**PROBLEM**
If a line in the records below contains the word "dots", copy it out.
☆ ☆ ☆ ☆ ☆
lemma rpa_solution_particle_hole_partner:
  assumes S: "S \<in> carrier_mat (2*D) (2*D)" and sym: "sigmaX D * cnj_mat S * sigmaX D = S"
    and sol: "rpa_solution D S \<omega> x"
  shows "rpa_solution D S (- cnj \<omega>) (sigmaX D *\<^sub>v cnj_vec x)"
proof -
  from sol have x: "x \<in> carrier_vec (2*D)" and x0: "x \<noteq> 0\<^sub>v (2*D)"
    and eq: "S *\<^sub>v x = \<omega> \<cdot>\<^sub>v (normM D *\<^sub>v x)"
    unfolding rpa_solution_def by auto
  define y where "y = vec (2*D) (\<lambda>i. cnj (x $ swap_half D i))"
  have yc: "y \<in> carrier_vec (2*D)" unfolding y_def by simp
  have y: "sigmaX D *\<^sub>v cnj_vec x = y"
    unfolding sigmaX_mult_vec[OF carrier_vec_cnj_vec[OF x]] y_def
    using x swap_half_less by (intro eq_vecI) (auto simp: cnj_vec_def)
  have "S *\<^sub>v y = (- cnj \<omega>) \<cdot>\<^sub>v (normM D *\<^sub>v y)"
  proof (rule eq_vecI)
    fix i assume "i < dim_vec ((- cnj \<omega>) \<cdot>\<^sub>v (normM D *\<^sub>v y))"
    hence i: "i < 2*D" by (simp add: normM_mult_vec[OF yc])
    have Ny: "(normM D *\<^sub>v y) $ i = (if i < D then cnj (x $ swap_half D i) else - cnj (x $ swap_half D i))"
      unfolding normM_mult_vec[OF yc] using i by (simp add: y_def)
    have Sx: "(S *\<^sub>v x) $ swap_half D i = \<omega> * (if i < D then - x $ swap_half D i else x $ swap_half D i)"
      unfolding eq normM_mult_vec[OF x]
      using swap_half_less[OF i] swap_half_less_half_iff[OF i] by simp
    have "(S *\<^sub>v y) $ i = (\<Sum>j\<in>{0..<2*D}. cnj (S $$ (swap_half D i, swap_half D j) * x $ swap_half D j))"
      using S i particle_hole_symmetric_entry[OF S sym i]
      by (auto simp: y_def scalar_prod_def row_def intro!: sum.cong)
    also have "\<dots> = cnj ((S *\<^sub>v x) $ swap_half D i)"
      unfolding sum_swap_half[of "\<lambda>j. cnj (S $$ (swap_half D i, j) * x $ j)"]
      using S x swap_half_less[OF i] by (simp add: scalar_prod_def row_def)
    also have "\<dots> = ((- cnj \<omega>) \<cdot>\<^sub>v (normM D *\<^sub>v y)) $ i"
      using i yc by (simp add: Sx Ny)
    finally show "(S *\<^sub>v y) $ i = ((- cnj \<omega>) \<cdot>\<^sub>v (normM D *\<^sub>v y)) $ i" .
  qed (use S in \<open>simp add: normM_mult_vec[OF yc]\<close>)
  moreover have "y \<noteq> 0\<^sub>v (2*D)"
  proof
    assume "y = 0\<^sub>v (2*D)"
    then have "cnj_vec x = 0\<^sub>v (2*D)"
      using sigmaX_involutive[OF carrier_vec_cnj_vec[OF x]] y by simp
    with x0 show False by (simp add: cnj_vec_eq_conjugate)
  qed
  ultimately show ?thesis unfolding rpa_solution_def y using yc by simp
qed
☆ ☆ ☆ ☆ ☆
**OUTPUT**
    also have "\<dots> = cnj ((S *\<^sub>v x) $ swap_half D i)"
    also have "\<dots> = ((- cnj \<omega>) \<cdot>\<^sub>v (normM D *\<^sub>v y)) $ i"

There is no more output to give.